Quatre Oscars, dont celui du meilleur film, Ours d'or du meilleur film, Golden Globe du meilleur film dramatique… Quand Rain Man sort en salles en 1988 (l’année suivante chez nous), il rafle tout sur son passage. Dustin Hoffman imprime dans les mémoires de chacune et chacun la juste et classieuse interprétation d’un autiste. Dès lors, Warner Bros. a un souci : ils possèdent les droits de Forrest Gump et, Hollywood étant tout simplement Hollywood, considère que le public ne se déplacera pas pour aller voir un nouveau film mettant en scène une personne mentalement déficiente. Peu importe que les deux histoires n’aient absolument rien en commun, Warner Bros. considère l’adaptation de Forrest Gump comme un poids mort dont il faut se débarrasser. Là, Lansing se manifeste. Elle veut Forrest. Que souhaiteraient-ils en échange ? Ultime Décision, avec Kurt Russell et Steven Seagal. Deal. Lansing respire, d’autant plus que Warner allonge également 400 000 dollars. Sans savoir, pour le moment, qu’ils viennent de signer un échange qui n’ira pas, loin de là, en leur faveur (Nomination aux Razzie Awards 1997 : pire second rôle masculin pour Steven Seagal).
« Vous ne croirez pas si je vous le disais, mais je cours comme souffle le vent. À partir de ce jour, dès que j'allais quelque part, je le faisais en courant »
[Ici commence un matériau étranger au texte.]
lemma lowdeg_poly_biased_char_expansion:
  assumes "lowdeg_poly n D \<phi>"
  obtains ch where "\<And>G. G \<subseteq> edges n \<Longrightarrow>
    \<phi> G = (\<Sum>S | S \<subseteq> edges n \<and> card S \<le> D. ch S * biased_char q S G)"
proof -
  obtain F coef where F: "finite F"
    "\<forall>\<alpha>\<in>F. (\<forall>e. e \<notin> edges n \<longrightarrow> \<alpha> e = 0) \<and> (\<Sum>e\<in>edges n. \<alpha> e) \<le> D"
    "\<forall>G. G \<subseteq> edges n \<longrightarrow>
       \<phi> G = (\<Sum>\<alpha>\<in>F. coef \<alpha> * (\<Prod>e\<in>edges n. of_bool (e \<in> G) ^ \<alpha> e))"
    using assms unfolding lowdeg_poly_def by blast
  define SS where "SS = {S. S \<subseteq> edges n \<and> card S \<le> D}"
  have "finite SS" unfolding SS_def by (rule finite_subset[of _ "Pow (edges n)"]) auto
  define T where "T \<alpha> = {e \<in> edges n. \<alpha> e > 0}" for \<alpha> :: "nat \<times> nat \<Rightarrow> nat"
  define k where "k \<alpha> S = (if S \<subseteq> T \<alpha> then q ^ card (T \<alpha> - S) else 0)" for \<alpha> S
  have finite_T: "finite (T \<alpha>)" for \<alpha> by (simp add: T_def)
  have Pow_T: "Pow (T \<alpha>) \<subseteq> SS" if "\<alpha> \<in> F" for \<alpha>
  proof
    fix X assume "X \<in> Pow (T \<alpha>)"
    hence X: "X \<subseteq> T \<alpha>" by simp
    have "card X \<le> card (T \<alpha>)" by (rule card_mono[OF finite_T X])
    also have "\<dots> \<le> (\<Sum>e\<in>T \<alpha>. \<alpha> e)"
      using sum_mono[of "T \<alpha>" "\<lambda>_. 1" \<alpha>] by (simp add: T_def Suc_le_eq)
    also have "\<dots> \<le> (\<Sum>e\<in>edges n. \<alpha> e)" by (intro sum_mono2) (auto simp: T_def)
    also have "\<dots> \<le> D" using F(2) that by blast
    finally show "X \<in> SS" using X by (auto simp: SS_def T_def)
  qed
  have monomial: "(\<Prod>e\<in>edges n. of_bool (e \<in> G) ^ \<alpha> e) = (\<Sum>S\<in>SS. k \<alpha> S * biased_char q S G)"
    if "\<alpha> \<in> F" for \<alpha> G
  proof -
    have "(\<Prod>e\<in>edges n. of_bool (e \<in> G) ^ \<alpha> e)
        = (\<Prod>e\<in>edges n. if e \<in> T \<alpha> then of_bool (e \<in> G) else (1::real))"
      by (intro prod.cong refl) (simp add: T_def of_bool_power)
    also have "\<dots> = (\<Prod>e\<in>T \<alpha>. of_bool (e \<in> G))"
      by (rule prod_subset_if) (auto simp: T_def)
    also have "\<dots> = (\<Sum>S\<in>Pow (T \<alpha>). k \<alpha> S * biased_char q S G)"
      unfolding prod_of_bool_eq_sum_biased_char[OF finite_T, where q=q] by (intro sum.cong refl) (simp add: k_def)
    also have "\<dots> = (\<Sum>S\<in>SS. k \<alpha> S * biased_char q S G)"
      using Pow_T[OF that] by (intro sum.mono_neutral_left \<open>finite SS\<close>) (auto simp: k_def)
    finally show ?thesis .
  qed
  show ?thesis
  proof
    fix G assume "G \<subseteq> edges n"
    hence "\<phi> G = (\<Sum>\<alpha>\<in>F. coef \<alpha> * (\<Sum>S\<in>SS. k \<alpha> S * biased_char q S G))"
      using F(3) monomial by simp
    also have "\<dots> = (\<Sum>S\<in>SS. (\<Sum>\<alpha>\<in>F. coef \<alpha> * k \<alpha> S) * biased_char q S G)"
      by (simp add: sum_distrib_left sum_distrib_right sum.swap[of _ F] mult_ac)
    finally show "\<phi> G = (\<Sum>S | S \<subseteq> edges n \<and> card S \<le> D.
        (\<Sum>\<alpha>\<in>F. coef \<alpha> * k \<alpha> S) * biased_char q S G)"
      by (simp add: SS_def)
  qed
qed

text \<open>In the paper's notation this is \<parallel>L^{\<le>D}\<parallel>^2 - 1, the squared norm of the non-constant part
  of the low-degree likelihood ratio.\<close>

definition low_degree_chi2 :: "'a set \<Rightarrow> nat \<Rightarrow> real \<Rightarrow> ('a set \<Rightarrow> real) \<Rightarrow> real" where
  "low_degree_chi2 E D q P =
     (\<Sum>S | S \<subseteq> E \<and> S \<noteq> {} \<and> card S \<le> D. (expect_on E P (biased_char q S))\<^sup>2 / (q * (1 - q)) ^ card S)"

lemma abs_expect_on_le_sqrt_low_degree_chi2:
  assumes E: "finite E" and q: "0 < q" "q < 1"
    and expansion: "\<And>G. G \<subseteq> E \<Longrightarrow> \<phi> G = (\<Sum>S | S \<subseteq> E \<and> card S \<le> D. ch S * biased_char q S G)"
    and mean: "expect_on E (bernoulli_prod E (\<lambda>_. q)) \<phi> = 0"
    and second_moment: "expect_on E (bernoulli_prod E (\<lambda>_. q)) (\<lambda>G. (\<phi> G)\<^sup>2) = 1"
  shows "\<bar>expect_on E P \<phi>\<bar> \<le> sqrt (low_degree_chi2 E D q P)"
proof -
  define SS where "SS = {S. S \<subseteq> E \<and> card S \<le> D}"
  define w where "w S = (q * (1 - q)) ^ card S" for S :: "'a set"
  let ?P0 = "bernoulli_prod E (\<lambda>_. q)"
  have finSS: "finite SS" unfolding SS_def by (rule finite_subset[of _ "Pow E"]) (use E in auto)
  have empty: "{} \<in> SS" by (simp add: SS_def)
  have sub: "S \<subseteq> E" if "S \<in> SS" for S using that by (simp add: SS_def)
  have w_pos: "w S > 0" for S using q by (simp add: w_def)
  have linear: "expect_on E P' \<phi> = (\<Sum>S\<in>SS. ch S * expect_on E P' (biased_char q S))" for P'
    by (subst expect_on_cong[OF expansion]) (simp_all add: SS_def expect_on_sum)
  have "expect_on E ?P0 \<phi> = (\<Sum>S\<in>SS. ch S * of_bool (S = {}))"
    unfolding linear by (intro sum.cong refl) (simp add: expect_on_biased_char_null[OF E sub])
  also have "\<dots> = ch {}"
    using empty finSS by (simp add: sum.delta)
  finally have ch_empty: "ch {} = 0" using mean by simp
  have "expect_on E ?P0 (\<lambda>G. (\<phi> G)\<^sup>2)
      = expect_on E ?P0 (\<lambda>G. \<Sum>S\<in>SS. ch S * (\<Sum>T\<in>SS. ch T * (biased_char q S G * biased_char q T G)))"
    by (intro expect_on_cong)
      (simp add: expansion SS_def power2_eq_square sum_distrib_left sum_distrib_right mult_ac)
  also have "\<dots> = (\<Sum>S\<in>SS. ch S * (\<Sum>T\<in>SS. ch T *
                     expect_on E ?P0 (\<lambda>G. biased_char q S G * biased_char q T G)))"
    by (simp add: expect_on_sum)
  also have "\<dots> = (\<Sum>S\<in>SS. (ch S)\<^sup>2 * w S)"
    using finSS
    by (intro sum.cong refl) (simp add: expect_on_biased_char_mult[OF E sub sub] w_def
        if_distrib[of "\<lambda>x. _ * x"] sum.delta power2_eq_square cong: if_cong)
  finally have unit: "(\<Sum>S\<in>SS - {{}}. (ch S * sqrt (w S))\<^sup>2) = 1"
    using second_moment empty finSS ch_empty w_pos
    by (simp add: sum_diff1 power_mult_distrib less_imp_le)
  have "expect_on E P \<phi> = (\<Sum>S\<in>SS - {{}}. ch S * expect_on E P (biased_char q S))"
    using linear[of P] empty finSS ch_empty by (simp add: sum_diff1)
  also have "\<dots> = (\<Sum>S\<in>SS - {{}}. (ch S * sqrt (w S)) * (expect_on E P (biased_char q S) / sqrt (w S)))"
    using w_pos by (intro sum.cong refl) (simp add: field_simps less_imp_neq[symmetric])
  finally have "(expect_on E P \<phi>)\<^sup>2
      \<le> (\<Sum>S\<in>SS - {{}}. (ch S * sqrt (w S))\<^sup>2) * (\<Sum>S\<in>SS - {{}}. (expect_on E P (biased_char q S) / sqrt (w S))\<^sup>2)"
    by (simp only: Cauchy_Schwarz_ineq_sum)
  also have "\<dots> = low_degree_chi2 E D q P"
    unfolding unit low_degree_chi2_def mult_1 using w_pos
    by (intro sum.cong) (auto simp: SS_def w_def power_divide less_imp_le)
  finally have "(expect_on E P \<phi>)\<^sup>2 \<le> low_degree_chi2 E D q P" .
  from real_sqrt_le_mono[OF this] show ?thesis by simp
qed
Une bonne nouvelle n’arrivant jamais seule, Sherry Lansing, en plus des droits, récupère la participation acquise de Tom Hanks (après les refus de Bill Murray, John Travolta, et Chevy Chase), pas encore oscarisé pour Philadelphia, mais déjà connu du public, reconnu par la profession, et bénéficiant d’un vrai pouvoir décisionnaire. Reste donc à trouver un réalisateur qui convienne aux deux parties en présence. Lansing propose immédiatement le poste à Barry Sonnenfeld, tout auréolé du succès de son premier long métrage en temps que réalisateur après une belle carrière de directeur de la photographie : La Famille Addams. Lansing le veut, Sonnenfeld est d’accord, mais… 191 505 000 $ de recettes au box-office mondial plus tard, la tentation de la suite est grande, et ces personnages, Sonnenfeld ne compte pas les laisser tomber. Lansing, elle, ne compte pas attendre. Exit donc Barry, puis, très rapidement, exit aussi Penny Marshall, réalisatrice de Big, jugée peu compétente pour une telle entreprise. Peu importe après tout, car quelques kilomètres plus loin et plus haut, lors d’un vol au long cours, Robert Zemeckis entame le script de l’adaptation, signé Eric Roth. En récupérant sa valise, il sait qu’il tient là son prochain projet.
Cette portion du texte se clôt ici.